You chat with this bot and it magically provides you answers to your pressing questions or issues.

How did this bot come up with those answers? There’s a combination of machine learning, algorithms, and statistics going on under the hood. But how is the model learning human text language and running all these calculations? It’s using data.

Where does that data come from? And how does it get sourced?

You guessed it. Your one and only, Data Engineer.

Data engineers are key to powering AI and making sure all the data needs in the world are met. We grab data from different places, clean it up, and make it ready for clients to dig into.

Our job is to make sure the data is solid, so people can pull out the best insights and make smarter decisions.

So What’s The Sauce?

It’s very important to have fundamental knowledge of a job before you do the job.

Before you can become a Data Engineer, you should have familiarity working with data.

For those in school, this doesn’t mean you can’t go straight from undergrad or grad school to a Data Engineer role. You should absolutely strive for that and go for it. Nothing should stop you from applying if you have the experience and skills to back it up.

But not all of us have the opportunity to take shortcuts. And if there’s one thing I’ve learned in life, your career is rarely linear.

Sometimes your career is a game of Chutes and Ladders. It’s ok to take a lower paying job or title, if it means you can climb into a better job later down the road. Be a long term player in life, not a short term player.

Some of us are in-transition.

Regardless of your current status in life, you’re reading this blog because you suddenly find yourself wanting to join this new AI movement and work in the tech industry as a Data Engineer. And I’m happy to share my experience so that you know one of the many paths towards getting there.

Also, I want to point out that some of the best Data Engineers I know didn’t have a typical Computer Science degree. They came from all kinds of backgrounds and I believe having diverse experiences make you a unique individual who will add incredible value to any Data Engineering team.
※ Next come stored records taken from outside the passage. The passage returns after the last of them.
lemma orthogonal_projector_fixes_span:
  assumes "orthonormal B" "finite B" "x \<in> vec.span B"
  shows "orthogonal_projector B *v x = x"
proof -
  have "x - orthogonal_projector B *v x \<in> vec.span B"
    using assms(3) orthogonal_projector_in_span by (rule vec.span_diff)
  moreover have "x - orthogonal_projector B *v x \<in> corth (vec.span B)"
    using orthogonal_projector_residual[OF assms(1,2)] by simp
  ultimately show ?thesis using corth_self_eq_0 by force
qed

lemma cadjoint_orthogonal_projector: "cadjoint (orthogonal_projector B) = orthogonal_projector B"
  unfolding vec_eq_iff cadjoint_def orthogonal_projector_def outer_def
  by (simp add: mult.commute)

lemma trace_orthogonal_projector: "orthonormal B \<Longrightarrow> trace (orthogonal_projector B) = of_nat (card B)"
  by (simp add: orthogonal_projector_def trace_sum trace_outer orthonormal_def)

lemma orthonormal_insert:
  assumes "orthonormal B" "cinner e e = 1" "e \<in> corth B"
  shows "orthonormal (insert e B)"
proof -
  have "cinner b e = 0" if "b \<in> B" for b
    using assms(3) that cinner_commute[of b e] by (simp add: corth_def)
  then show ?thesis using assms unfolding orthonormal_def corth_def by auto
qed

lemma unit_multiple_exists:
  assumes "y \<noteq> 0"
  obtains r where "r \<noteq> 0" "cinner (r *s y) (r *s y) = 1"
proof -
  define t where "t = (\<Sum>i\<in>UNIV. (cmod (y $ i))\<^sup>2)"
  have yy: "cinner y y = of_real t" unfolding t_def by (rule cinner_self)
  have "t \<ge> 0" unfolding t_def by (simp add: sum_nonneg)
  moreover have "t \<noteq> 0" using assms yy by (metis cinner_self_eq_0 of_real_0)
  ultimately have "t > 0" by simp
  define r where "r = complex_of_real (1 / sqrt t)"
  have "cinner (r *s y) (r *s y) = r * cnj r * of_real t"
    by (simp add: cinner_scale_left cinner_scale_right yy)
  also have "\<dots> = 1" using \<open>t > 0\<close> by (simp add: r_def field_simps flip: of_real_mult)
  finally have "cinner (r *s y) (r *s y) = 1" .
  moreover have "r \<noteq> 0" using \<open>t > 0\<close> by (simp add: r_def)
  ultimately show ?thesis using that by simp
qed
Step 1: Get Experience at a Low Level

One of my recommendations is to start at the lowest level, a Data Analyst that does ETL or ELT type of work.

The reason is because Data Engineering is not an entry level job.
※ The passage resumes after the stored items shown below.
definition tinner :: "(real^'n \<Rightarrow> real^'n \<Rightarrow> real) \<Rightarrow> 'n tensor3 \<Rightarrow> 'n tensor3 \<Rightarrow> real" where
  "tinner g F1 F2 =
     (let gi = matrix_inv (gram g) in
      \<Sum>a\<in>UNIV. \<Sum>q\<in>UNIV. \<Sum>b\<in>UNIV. \<Sum>r\<in>UNIV. \<Sum>c\<in>UNIV. \<Sum>s\<in>UNIV.
        gi$a$q * gi$b$r * gi$c$s *
        F1 (axis a 1) (axis b 1) (axis c 1) * F2 (axis q 1) (axis r 1) (axis s 1))"

definition grpG ::
  "(real^'n \<Rightarrow> real^'n) \<Rightarrow> real^'n \<Rightarrow> (real^'n \<Rightarrow> real)
     \<Rightarrow> (real^'n \<Rightarrow> real^'n \<Rightarrow> real) \<Rightarrow> (real^'n \<Rightarrow> real^'n) set" where
  "grpG \<phi> \<xi> \<eta> g =
     {a. linear a \<and> bij a \<and> (\<forall>X. a (\<phi> X) = \<phi> (a X)) \<and> a \<xi> = \<xi> \<and>
         (\<forall>X. \<eta> (a X) = \<eta> X) \<and> (\<forall>X Y. g (a X) (a Y) = g X Y)}"

definition gact :: "(real^'n \<Rightarrow> real^'n) \<Rightarrow> 'n tensor3 \<Rightarrow> 'n tensor3" where
  "gact a F = (\<lambda>X Y Z. F (inv a X) (inv a Y) (inv a Z))"

definition pr :: "nat \<Rightarrow> real^'n \<Rightarrow> (real^'n \<Rightarrow> real) \<Rightarrow> 'n tensor3 \<Rightarrow> 'n tensor3" where
  "pr i \<xi> \<eta> F = (let h = hproj \<xi> \<eta> in
     if i = 1 then (\<lambda>X Y Z. F (h X) (h Y) (h Z))
     else if i = 2 then (\<lambda>X Y Z. - \<eta> Y * F (h X) (h Z) \<xi> + \<eta> Z * F (h X) (h Y) \<xi>)
     else if i = 3 then (\<lambda>X Y Z. \<eta> X * F \<xi> (h Y) (h Z))
     else if i = 4 then (\<lambda>X Y Z. \<eta> X * \<eta> Y * F \<xi> \<xi> (h Z) - \<eta> X * \<eta> Z * F \<xi> \<xi> (h Y))
     else (\<lambda>X Y Z. 0))"

definition Wsp :: "nat \<Rightarrow> (real^'n \<Rightarrow> real^'n) \<Rightarrow> real^'n \<Rightarrow> (real^'n \<Rightarrow> real)
     \<Rightarrow> (real^'n \<Rightarrow> real^'n \<Rightarrow> real) \<Rightarrow> 'n tensor3 set" where
  "Wsp i \<phi> \<xi> \<eta> g = pr i \<xi> \<eta> ` calF \<phi> \<xi> \<eta> g"

end

theory Submission
  imports Defs
begin

text \<open>Split every argument as \<open>X = h X + \<eta>(X) \<xi>\<close>. A tensor \<open>F \<in> \<F>\<close> then breaks into pieces
  according to which slots receive \<open>\<xi>\<close>; the defining relations of \<open>\<F>\<close> kill \<open>F(X,\<xi>,\<xi>)\<close> and make
  \<open>F(X,h Y,\<xi>) = -F(X,\<xi>,h Y)\<close>, so exactly the four pieces \<open>p\<^sub>1 F, \<dots>, p\<^sub>4 F\<close> survive and they add
  up to \<open>F\<close>. The \<open>p\<^sub>i\<close> are complementary idempotents, and each \<open>p\<^sub>i F\<close> lies in \<open>\<F>\<close> again because
  it is the tensor of an explicitly modified pair \<open>(\<A>, \<A>\<^sub>\<xi>)\<close>. Orthogonality: when one tensor
  carries a factor \<open>\<eta>\<close> in some slot, contracting that slot with \<open>g\<^sup>-\<^sup>1\<close> inserts \<open>\<xi>\<close> into the
  same slot of the other tensor, where it vanishes. Finally \<open>G\<close> fixes \<open>\<xi>\<close>, \<open>\<eta>\<close> and hence \<open>h\<close>, so
  it commutes with the \<open>p\<^sub>i\<close>, and it preserves \<open>\<F>\<close> by transporting \<open>(\<A>, \<A>\<^sub>\<xi>)\<close>.\<close>

lemma linear_eq_sum_axis:
  fixes f :: "real^'n \<Rightarrow> real"
  assumes "linear f"
  shows "f x = (\<Sum>i\<in>UNIV. x$i * f (axis i 1))"
proof -
  have "f x = f (\<Sum>i\<in>UNIV. x$i *\<^sub>R axis i 1)"
    using basis_expansion[of x] by (simp add: scalar_mult_eq_scaleR)
  also have "\<dots> = (\<Sum>i\<in>UNIV. x$i * f (axis i 1))"
    using assms by (simp add: linear_sum linear_scale)
  finally show ?thesis .
qed

lemma matrix_inv_inverse:
  fixes A :: "'a::semiring_1^'n^'m"
  assumes "invertible A"
  shows "A ** matrix_inv A = mat 1" "matrix_inv A ** A = mat 1"
proof -
  have "A ** matrix_inv A = mat 1 \<and> matrix_inv A ** A = mat 1"
    using assms unfolding invertible_def matrix_inv_def by (rule someI_ex)
  then show "A ** matrix_inv A = mat 1" "matrix_inv A ** A = mat 1" by auto
qed

lemma transpose_matrix_inv_symmetric:
  fixes A :: "'a::comm_semiring_1^'n^'n"
  assumes "invertible A" "transpose A = A"
  shows "transpose (matrix_inv A) = matrix_inv A"
proof -
  have "transpose (matrix_inv A) ** A = mat 1"
    by (metis matrix_inv_inverse(1)[OF assms(1)] assms(2) matrix_transpose_mul transpose_mat)
  then show ?thesis
    by (metis matrix_inv_inverse(1)[OF assms(1)] matrix_mul_assoc matrix_mul_lid matrix_mul_rid)
qed

lemma sum_swap_pairs:
  fixes f :: "'a \<Rightarrow> 'a \<Rightarrow> 'b \<Rightarrow> 'b \<Rightarrow> 'c \<Rightarrow> 'c \<Rightarrow> 'd::comm_monoid_add"
  shows "(\<Sum>a\<in>A. \<Sum>q\<in>A. \<Sum>b\<in>B. \<Sum>r\<in>B. \<Sum>c\<in>C. \<Sum>s\<in>C. f a q b r c s) =
    (\<Sum>q\<in>A. \<Sum>a\<in>A. \<Sum>r\<in>B. \<Sum>b\<in>B. \<Sum>s\<in>C. \<Sum>c\<in>C. f a q b r c s)"
proof -
  have "(\<Sum>c\<in>C. \<Sum>s\<in>C. f a q b r c s) = (\<Sum>s\<in>C. \<Sum>c\<in>C. f a q b r c s)" for a q b r
    by (rule sum.swap)
  then have "(\<Sum>b\<in>B. \<Sum>r\<in>B. \<Sum>c\<in>C. \<Sum>s\<in>C. f a q b r c s) =
      (\<Sum>r\<in>B. \<Sum>b\<in>B. \<Sum>s\<in>C. \<Sum>c\<in>C. f a q b r c s)" for a q
    by (subst sum.swap) simp
  then show ?thesis by (subst sum.swap) simp
qed

definition trilinear :: "('a::real_vector \<Rightarrow> 'b::real_vector \<Rightarrow> 'c::real_vector \<Rightarrow> real) \<Rightarrow> bool" where
  "trilinear F \<longleftrightarrow>
     (\<forall>Y Z. linear (\<lambda>X. F X Y Z)) \<and> (\<forall>X Z. linear (\<lambda>Y. F X Y Z)) \<and> (\<forall>X Y. linear (F X Y))"

lemma trilinearD:
  assumes "trilinear F"
  shows "F (X + X') Y Z = F X Y Z + F X' Y Z" "F (c *\<^sub>R X) Y Z = c * F X Y Z" "F 0 Y Z = 0"
    and "F X (Y + Y') Z = F X Y Z + F X Y' Z" "F X (c *\<^sub>R Y) Z = c * F X Y Z" "F X 0 Z = 0"
    and "F X Y (Z + Z') = F X Y Z + F X Y Z'" "F X Y (c *\<^sub>R Z) = c * F X Y Z" "F X Y 0 = 0"
proof -
  from assms have "linear (\<lambda>X. F X Y Z)" "linear (\<lambda>Y. F X Y Z)" "linear (F X Y)" for X Y Z
    unfolding trilinear_def by blast+
  from this[THEN linear_add] this[THEN linear_scale] this[THEN linear_0] show
    "F (X + X') Y Z = F X Y Z + F X' Y Z" "F (c *\<^sub>R X) Y Z = c * F X Y Z" "F 0 Y Z = 0"
    "F X (Y + Y') Z = F X Y Z + F X Y' Z" "F X (c *\<^sub>R Y) Z = c * F X Y Z" "F X 0 Z = 0"
    "F X Y (Z + Z') = F X Y Z + F X Y Z'" "F X Y (c *\<^sub>R Z) = c * F X Y Z" "F X Y 0 = 0"
    by simp_all
qed

lemma pr_1: "pr 1 \<xi> \<eta> F = (\<lambda>X Y Z. F (hproj \<xi> \<eta> X) (hproj \<xi> \<eta> Y) (hproj \<xi> \<eta> Z))"
  by (simp add: pr_def Let_def)

lemma pr_2:
  "pr 2 \<xi> \<eta> F = (\<lambda>X Y Z. - \<eta> Y * F (hproj \<xi> \<eta> X) (hproj \<xi> \<eta> Z) \<xi> + \<eta> Z * F (hproj \<xi> \<eta> X) (hproj \<xi> \<eta> Y) \<xi>)"
  by (simp add: pr_def Let_def)

lemma pr_3: "pr 3 \<xi> \<eta> F = (\<lambda>X Y Z. \<eta> X * F \<xi> (hproj \<xi> \<eta> Y) (hproj \<xi> \<eta> Z))"
  by (simp add: pr_def Let_def)

lemma pr_4:
  "pr 4 \<xi> \<eta> F = (\<lambda>X Y Z. \<eta> X * \<eta> Y * F \<xi> \<xi> (hproj \<xi> \<eta> Z) - \<eta> X * \<eta> Z * F \<xi> \<xi> (hproj \<xi> \<eta> Y))"
  by (simp add: pr_def Let_def)

text \<open>The simplifier turns a hypothesis \<open>i = 1\<close> on \<open>nat\<close> into \<open>i = Suc 0\<close>, hence the second form of \<open>pr_1\<close>.\<close>
lemmas pr_simps = pr_1 pr_1[unfolded One_nat_def] pr_2 pr_3 pr_4

lemma pr_add:
  "pr i \<xi> \<eta> (\<lambda>X Y Z. F X Y Z + F' X Y Z) = (\<lambda>X Y Z. pr i \<xi> \<eta> F X Y Z + pr i \<xi> \<eta> F' X Y Z)"
  by (simp add: pr_def Let_def algebra_simps)

locale nondegenerate_symmetric_form =
  fixes g :: "real^'n \<Rightarrow> real^'n \<Rightarrow> real"
  assumes bilinear: "bilinear g"
    and symmetric: "g X Y = g Y X"
    and nondegenerate: "(\<forall>Y. g X Y = 0) \<Longrightarrow> X = 0"
begin

lemmas bilinear_simps[simp] = bilinear_ladd[OF bilinear] bilinear_radd[OF bilinear]
  bilinear_lmul[OF bilinear] bilinear_rmul[OF bilinear] bilinear_lneg[OF bilinear]
  bilinear_rneg[OF bilinear] bilinear_lzero[OF bilinear] bilinear_rzero[OF bilinear]
  bilinear_lsub[OF bilinear] bilinear_rsub[OF bilinear]

abbreviation ginv :: "real^'n^'n" where "ginv \<equiv> matrix_inv (gram g)"

lemma gram_mult_vec: "(gram g *v x) $ i = g (axis i 1) x"
proof -
  have "linear (g (axis i 1))" using bilinear unfolding bilinear_def by blast
  then have "g (axis i 1) x = (\<Sum>j\<in>UNIV. x$j * g (axis i 1) (axis j 1))"
    by (rule linear_eq_sum_axis)
  then show ?thesis by (simp add: matrix_vector_mult_def gram_def mult.commute)
qed

lemma invertible_gram: "invertible (gram g)"
  unfolding invertible_left_inverse matrix_left_invertible_ker
proof (intro allI impI)
  fix x assume "gram g *v x = 0"
  then have x: "g (axis i 1) x = 0" for i by (metis gram_mult_vec zero_index)
  have "g x Y = 0" for Y
  proof -
    have "linear (\<lambda>X. g X x)" using bilinear unfolding bilinear_def by blast
    then have "g Y x = (\<Sum>i\<in>UNIV. Y$i * g (axis i 1) x)" by (rule linear_eq_sum_axis)
    then show ?thesis using x symmetric by simp
  qed
  then show "x = 0" by (simp add: nondegenerate)
qed

lemma ginv_symmetric: "ginv $ a $ q = ginv $ q $ a"
proof -
  have "transpose (gram g) = gram g" by (simp add: transpose_def gram_def vec_eq_iff symmetric)
  then have "transpose ginv = ginv" by (rule transpose_matrix_inv_symmetric[OF invertible_gram])
  then have "transpose ginv $ q $ a = ginv $ q $ a" by simp
  then show ?thesis by (simp add: transpose_def)
qed

text \<open>Raising the index of the covector \<open>g(\<cdot>, v)\<close> with \<open>g\<^sup>-\<^sup>1\<close> gives back \<open>v\<close>.\<close>
lemma ginv_contract:
  assumes "linear f"
  shows "(\<Sum>a\<in>UNIV. \<Sum>q\<in>UNIV. ginv$a$q * (g (axis q 1) v * f (axis a 1))) = f v"
proof -
  have raise: "(\<Sum>q\<in>UNIV. ginv$a$q * g (axis q 1) v) = v$a" for a
  proof -
    have "(\<Sum>q\<in>UNIV. ginv$a$q * g (axis q 1) v) = (ginv *v (gram g *v v))$a"
      by (simp only: matrix_vector_mult_def[of ginv] vec_lambda_beta gram_mult_vec)
    then show ?thesis by (simp add: matrix_vector_mul_assoc matrix_inv_inverse invertible_gram)
  qed
  have "(\<Sum>a\<in>UNIV. \<Sum>q\<in>UNIV. ginv$a$q * (g (axis q 1) v * f (axis a 1)))
      = (\<Sum>a\<in>UNIV. (\<Sum>q\<in>UNIV. ginv$a$q * g (axis q 1) v) * f (axis a 1))"
    by (simp add: sum_distrib_right mult.assoc)
  also have "\<dots> = (\<Sum>a\<in>UNIV. v$a * f (axis a 1))" by (simp only: raise)
  also have "\<dots> = f v" by (rule linear_eq_sum_axis[OF assms, symmetric])
  finally show ?thesis .
qed

lemma tinner_commute: "tinner g F F' = tinner g F' F"
  unfolding tinner_def Let_def
  by (subst sum_swap_pairs) (intro sum.cong refl, simp add: ginv_symmetric mult_ac)

lemma tinner_add_right:
  "tinner g F (\<lambda>X Y Z. F1 X Y Z + F2 X Y Z) = tinner g F F1 + tinner g F F2"
  by (simp add: tinner_def Let_def distrib_left sum.distrib)

lemma tinner_eq_0_slot1:
  assumes F: "trilinear F" and vanish: "\<And>Y Z. F v Y Z = 0"
    and F': "\<And>X Y Z. F' X Y Z = g X v * K Y Z"
  shows "tinner g F F' = 0"
proof -
  define \<Psi> where "\<Psi> X = (\<Sum>b\<in>UNIV. \<Sum>r\<in>UNIV. \<Sum>c\<in>UNIV. \<Sum>s\<in>UNIV.
      ginv$b$r * ginv$c$s * F X (axis b 1) (axis c 1) * K (axis r 1) (axis s 1))" for X
  have "linear \<Psi>"
    by (intro linearI) (simp_all add: \<Psi>_def trilinearD[OF F] algebra_simps sum.distrib sum_distrib_left)
  have "tinner g F F' = (\<Sum>a\<in>UNIV. \<Sum>q\<in>UNIV. ginv$a$q * (g (axis q 1) v * \<Psi> (axis a 1)))"
    by (simp add: tinner_def Let_def \<Psi>_def F' sum_distrib_left mult_ac)
  also have "\<dots> = \<Psi> v" by (rule ginv_contract[OF \<open>linear \<Psi>\<close>])
  also have "\<dots> = 0" by (simp add: \<Psi>_def vanish)
  finally show ?thesis .
qed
You will be struggling a lot and be quickly overwhelmed if you don’t know the fundamentals of data engineering. Which is why pivoting to a Data Analyst job is a great stepping stone.

Giving yourself the foundational experience of Data Engineering through a Data Analyst role is going to be key for advancing your career.

By the time you apply for a Data Engineer job, you’ll already have some experience doing the skeleton or backbone of the actual work and your skills will be transferrable.

And as a Data Analyst, you will hopefully get your hands on the dirtiest and un-normalized data. I love this idea because this is exactly how I learned how to work with data.

I used to work for a software company that provides a POS (Point of Sale) system for car manufacturers.

I would receive data of car parts in Excel sheets dropped into an SFTP and I’d have to figure out the primary keys in each dataset in order to perform joins and perform further manipulation to create the final dataset to load into a Microsoft SQL Server database.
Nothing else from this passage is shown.